En Uspallata, en tanto -del otro lado del alud- aguardaban otros 500 vehículos, por lo que eran casi un millar los que se encontraban aguardando la normalización.

Varados 

Alejandro Pedrosa volvía ayer por la tarde de Chile y estuvo en el primer contingente de vehículos que debió quedarse del otro lado del alud entre la acumulación de barro en la ruta y Polvaredas.

“Fue cerca de las 17.45, y la gente empezó a frenar de golpe. Nos paramos y veíamos como pasaba todo el río de barro por la ruta. Recién como a la hora llegó Policía y Gendarmería y nos recomendó volver a Penitentes o Punta de Vacas, porque nos dijeron que no íbamos a poder pasar”, resumió el hombre, quien aguardaba hoy en el refugio de montaña El Mundo Perdido, ubicado en el kilómetro 1.110, a 55 kilómetros del alud. 

“Es para destacar lo que hicieron en el lugar porque cuando vieron la contingencia, decidieron bajar los precios de la comida y el agua, y nos dieron el espacio para que nos quedemos. Nosotros dormimos en el auto, pero sacaron colchones e hicieron lugar para que la gente pudiese pasar la noche”, agregó Pedrosa, quien estaba junto a su esposa y sus hijos de 9, 5 y 3 años.

Anoche, en el lugar había cerca de 30 vehículos estacionados y pernoctando en el refugio.

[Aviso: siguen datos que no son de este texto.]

lemma pseudo_inverse_whisk:
  assumes equiv: "whisk_equivalence (Suc l)" and l: "l = Suc i" "l < k" "k \<le> n"
    and gh: "h \<in> cells C" "s l h = h" "g \<in> cells C" "s l g = g" "composable sd i g h"
    and \<gamma>: "eqv n C (Suc l) \<gamma>" "s l \<gamma> = whisk sd i g h" "t l \<gamma> = face sd i h"
    and d: "whisk_dom sd i h k x y"
  defines "GF \<equiv> \<lambda>a. whisk sd i g (whisk sd i h a)"
  shows "k = n \<Longrightarrow> bij_betw GF (Hom n x y) (Hom n (GF x) (GF y))"
    and "k < n \<Longrightarrow> b \<in> Hom k (GF x) (GF y) \<Longrightarrow> s k b = b \<Longrightarrow>
      \<exists>a \<in> Hom k x y. s k a = a \<and> equivalent k (GF a) b"
    and "k < n \<Longrightarrow> a \<in> Hom k x y \<Longrightarrow> a' \<in> Hom k x y \<Longrightarrow> s k a = a \<Longrightarrow> s k a' = a' \<Longrightarrow>
      equivalent k (GF a) (GF a') \<Longrightarrow> equivalent k a a'"
proof -
  define P where "P = whisk sd i g h"
  have i: "i < l" "l < n" "i < n" "i + 1 < k"
    using l by auto
  have P: "P \<in> cells C" "s l P = P" "t l \<gamma> = face sd i P"
    using gh i \<gamma>(3) face_whisk(1)[of i g h sd] bdry_whisk_higher(1)[of i l g h sd] unfolding P_def
    by simp_all
  have dP: "whisk_dom sd i P k x y"
    using whisk_dom_whisk_cell[OF d i(3) gh(3,1,5)] unfolding P_def .
  have GF: "GF a = whisk sd i P a" if "a \<in> cells C" "composable sd i h a" for a
    using whisk_assoc[OF i(3) gh(3,1) that(1) gh(5) that(2)] unfolding GF_def P_def .
  have GF_Hom: "GF a = whisk sd i P a" if "a \<in> Hom k x y" for a
    using GF whisk_dom_composable[OF d that] that i(4) l(3) by (simp add: Hom_iff)
  have "GF x = whisk sd i P x" "GF y = whisk sd i P y"
    using GF whisk_dom_composable_ends[OF d i(4) l(3)] d parallel_cells[of k x y] l(3) i
    unfolding whisk_dom_def by auto
  note GF_xy = this
  note unit = unit_whisk_bij[OF l P(1,2) \<gamma>(1) \<gamma>(2)[folded P_def] P(3) dP equiv]
    unit_whisk_ess_surj[OF l P(1,2) \<gamma>(1) \<gamma>(2)[folded P_def] P(3) dP equiv]
    unit_whisk_reflects[OF l P(1,2) \<gamma>(1) \<gamma>(2)[folded P_def] P(3) dP equiv]
  show "k = n \<Longrightarrow> bij_betw GF (Hom n x y) (Hom n (GF x) (GF y))"
    using unit(1) GF_Hom bij_betw_cong[of "Hom n x y" GF "whisk sd i P"] unfolding GF_xy by simp
  show "\<exists>a \<in> Hom k x y. s k a = a \<and> equivalent k (GF a) b"
    if "k < n" "b \<in> Hom k (GF x) (GF y)" "s k b = b"
    using unit(2)[of b] that GF_Hom unfolding GF_xy by auto
  show "equivalent k a a'"
    if "k < n" "a \<in> Hom k x y" "a' \<in> Hom k x y" "s k a = a" "s k a' = a'" "equivalent k (GF a) (GF a')"
    using unit(3)[of a a'] that GF_Hom by simp
qed

lemma whisk_bij_step:
  assumes equiv: "whisk_equivalence (Suc l)" and h: "eqv n C l h" and l: "l < n" "l = Suc i"
  shows "whisk_bij sd i h"
  unfolding whisk_bij_def
proof (intro allI impI)
  fix x y
  assume d: "whisk_dom sd i h n x y"
  obtain g \<gamma> \<gamma>' where g: "g \<in> cells C" "s l g = g" "composable sd i g h" "composable sd i h g"
    and \<gamma>: "eqv n C (Suc l) \<gamma>" "s l \<gamma> = whisk sd i g h" "t l \<gamma> = face sd i h"
    and \<gamma>': "eqv n C (Suc l) \<gamma>'" "s l \<gamma>' = whisk sd i h g" "t l \<gamma>' = face sd i g"
    using eqv_inverse_whisk[OF h l] by metis
  have hc: "h \<in> cells C" "s l h = h" "is_cell n C (Suc i) h"
    using h l eqv_in_cells eqv_src_fixed by (auto simp: is_cell_def)
  let ?F = "whisk sd i h" and ?G = "whisk sd i g"
  have i: "i + 1 < n" "l \<le> n"
    using l by auto
  have dF: "whisk_dom sd i g n (?F x) (?F y)"
    using whisk_dom_whisk[OF d hc(3) i(1) order.refl g(1,3)] .
  have imF: "?F ` Hom n x y \<subseteq> Hom n (?F x) (?F y)"
    using whisk_in_Hom[OF d hc(3)] i unfolding whisk_src_def whisk_tgt_def by auto
  have imG: "?G ` Hom n (?F x) (?F y) \<subseteq> Hom n (?G (?F x)) (?G (?F y))"
    using whisk_in_Hom[OF dF] g i l unfolding whisk_src_def whisk_tgt_def by (auto simp: is_cell_def)
  have "bij_betw (\<lambda>a. ?G (?F a)) (Hom n x y) (Hom n (?G (?F x)) (?G (?F y)))"
    using pseudo_inverse_whisk(1)[OF equiv l(2,1) order.refl hc(1,2) g(1,2,3) \<gamma> d] by simp
  moreover have "inj_on (\<lambda>b. ?F (?G b)) (Hom n (?F x) (?F y))"
    using pseudo_inverse_whisk(1)[OF equiv l(2,1) order.refl g(1,2) hc(1,2) g(4) \<gamma>' dF]
    by (simp add: bij_betw_def)
  ultimately have "bij_betw ?F (Hom n x y) (Hom n (?F x) (?F y))"
    using bij_betw_if_bij_betw_comp[OF imF imG] by blast
  then show "bij_betw ?F (Hom n x y) (Hom n (whisk_src sd i h n x) (whisk_tgt sd i h n y))"
    using i unfolding whisk_src_def whisk_tgt_def by simp
qed

lemma whisk_ess_surj_step:
  assumes equiv: "whisk_equivalence (Suc l)" and h: "eqv n C l h"
    and l: "l = Suc i" "l < k" "k < n"
  shows "whisk_ess_surj sd i h k"
  unfolding whisk_ess_surj_def
proof (intro allI impI)
  fix x y b
  assume d: "whisk_dom sd i h k x y"
    and b0: "b \<in> Hom k (whisk_src sd i h k x) (whisk_tgt sd i h k y)" and sb: "s k b = b"
  have i: "i + 1 < k" "i < n" "i < k" "k \<le> n" "l < n"
    using l by auto
  obtain g \<gamma> \<gamma>' where g: "g \<in> cells C" "s l g = g" "composable sd i g h" "composable sd i h g"
    and \<gamma>: "eqv n C (Suc l) \<gamma>" "s l \<gamma> = whisk sd i g h" "t l \<gamma> = face sd i h"
    and \<gamma>': "eqv n C (Suc l) \<gamma>'" "s l \<gamma>' = whisk sd i h g" "t l \<gamma>' = face sd i g"
    using eqv_inverse_whisk[OF h i(5) l(1)] by metis
  have hc: "h \<in> cells C" "s l h = h" "is_cell n C (Suc i) h" "s k h = h"
    using h l eqv_in_cells eqv_src_fixed bdry_fixed_mono[of l h k] by (auto simp: is_cell_def)
  have gc: "is_cell n C (Suc i) g" "s k g = g"
    using g l bdry_fixed_mono[of l g k] by (auto simp: is_cell_def)
  let ?F = "whisk sd i h" and ?G = "whisk sd i g"
  have b: "b \<in> Hom k (?F x) (?F y)"
    using b0 i unfolding whisk_src_def whisk_tgt_def by simp
  have dF: "whisk_dom sd i g k (?F x) (?F y)"
    using whisk_dom_whisk[OF d hc(3) i(1,4) g(1,3)] .
  note F_in = whisk_in_Hom[OF d hc(3) _ i(3,4)] and G_in = whisk_in_Hom[OF dF gc(1) _ i(3,4)]
  have "?G b \<in> Hom k (?G (?F x)) (?G (?F y))" "s k (?G b) = ?G b"
    using G_in[OF b] i bdry_whisk_higher(1)[OF i(3) l(3) g(1) gc(2)]
      whisk_dom_composable[OF dF b i(3,4)] b sb unfolding whisk_src_def whisk_tgt_def
    by (simp_all add: Hom_iff)
  then obtain a where a: "a \<in> Hom k x y" "s k a = a" "equivalent k (?G (?F a)) (?G b)"
    using pseudo_inverse_whisk(2)[OF equiv l(1,2) i(4) hc(1,2) g(1,2,3) \<gamma> d l(3)] by blast
  have Fa: "?F a \<in> Hom k (?F x) (?F y)" "s k (?F a) = ?F a"
    using F_in[OF a(1)] bdry_whisk_higher(1)[OF i(3) l(3) hc(1,4)] whisk_dom_composable[OF d a(1) i(3,4)]
      a i unfolding whisk_src_def whisk_tgt_def by (simp_all add: Hom_iff)
  have "composable sd i h (?G (?F a))"
    using G_in[OF Fa(1)] whisk_dom_composable[OF whisk_dom_whisk[OF dF gc(1) i(1,4) hc(1) g(4)]] i
    unfolding whisk_src_def whisk_tgt_def by auto
  then have "equivalent k (?F (?G (?F a))) (?F (?G b))"
    using equivalent_whisk[OF i(3) l(3) hc(1,4)] a(3) by blast
  then have "equivalent k (?F a) b"
    using pseudo_inverse_whisk(3)[OF equiv l(1,2) i(4) g(1,2) hc(1,2) g(4) \<gamma>' dF l(3) Fa(1) b Fa(2) sb]
    by simp
  then show "\<exists>a \<in> Hom k x y. s k a = a \<and> equivalent k (?F a) b"
    using a(1,2) by blast
qed

theorem whisk_equivalence_holds:
  assumes "1 \<le> l" "l \<le> n"
  shows "whisk_equivalence l"
  using assms(2,1)
proof (induction l rule: inc_induct)
  case base
  then show ?case
    using whisk_bij_top unfolding whisk_equivalence_def by auto
next
  case (step l)
  then obtain i where i: "l = Suc i"
    using not0_implies_Suc by fastforce
  have "whisk_bij sd i h \<and> whisk_ess_surj sd i h k"
    if "eqv n C l h" "l \<le> k" "k < n" for sd h k
    using whisk_bij_step[OF step.IH that(1) step.hyps(2) i] that
      whisk_ess_surj_base[OF that(1) step.hyps(2) i] whisk_ess_surj_step[OF step.IH that(1) i]
    by (cases "k = l") auto
  then show ?case
    unfolding whisk_equivalence_def using i step.IH step.hyps whisk_bij_step by auto
qed

section \<open>Composites of whiskerings\<close>

definition ess_surj_hom_map :: "nat \<Rightarrow> ('a \<Rightarrow> 'a) \<Rightarrow> 'a \<Rightarrow> 'a \<Rightarrow> 'a \<Rightarrow> 'a \<Rightarrow> bool" where
  "ess_surj_hom_map k F x y x' y' \<longleftrightarrow>
     (\<forall>a \<in> Hom k x y. F a \<in> Hom k x' y') \<and>
     (\<forall>a \<in> Hom k x y. \<forall>b \<in> Hom k x y. equivalent k a b \<longrightarrow> equivalent k (F a) (F b)) \<and>
     (k < n \<longrightarrow> (\<forall>b \<in> Hom k x' y'. s k b = b \<longrightarrow>
        (\<exists>a \<in> Hom k x y. s k a = a \<and> equivalent k (F a) b))) \<and>
     (k = n \<longrightarrow> bij_betw F (Hom n x y) (Hom n x' y'))"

Fernando Palma es uno de los dueños de El Mundo Perdido, y desde ayer por la tarde sumó una gran cantidad de personas que lo consideran un amigo. Es que en el lugar, lejos de aumentar y remarcar los precios queriendo sacar ventaja del corte, optaron por bajar los valores y ponerse a entera disposición de los viajantes varados.

“Ayer cerca de las 20 se empezó a llenar y se juntaron más de 120 personas. Es un número que se mantiene hasta ahora, entre la gente que va llegando y los que se van porque prefieren esperar que se abra el paso haciendo fila en la ruta”, contó Palma.

Precisamente a última hora del domingo se juntaron en la Ruta 7 todos los viajantes que iban y volvían de Chile, más aquellos que eligieron Alta Montaña para hacer turismo interno.

“No es la primera vez que tenemos la experiencia de un alud, por lo que estábamos ya preparados para esta contingencia. Teníamos mercadería, colchones. Y también asesoramos a la gente en base a nuestra experiencia. Si bien somos un refugio de montaña y vivimos del turismo, sabemos que esta es una contingencia y es reprochable querer sacar provecho de ello. Por eso bajamos los precios”, siguió el hombre.

En lo que se refiere a un plan integral, destacó que hace un mes mantuvieron una reunión con la gente de la Municipalidad de Las Heras y hay “luz verde” para un plan integral.

“Esto es algo de todos los veranos, en especial de febrero. Por eso hemos avanzado en la idea de ir preparando puntos de asistencia ante cualquier contingencia”, siguió Palma. Y cerró: “estas cosas también tienen que servirle como aviso a los comerciantes de la zona. Hay que hacer un llamado para que no quieran aprovecharse de la situación. Ya no remarcando los precios se ayuda mucho a la gente”.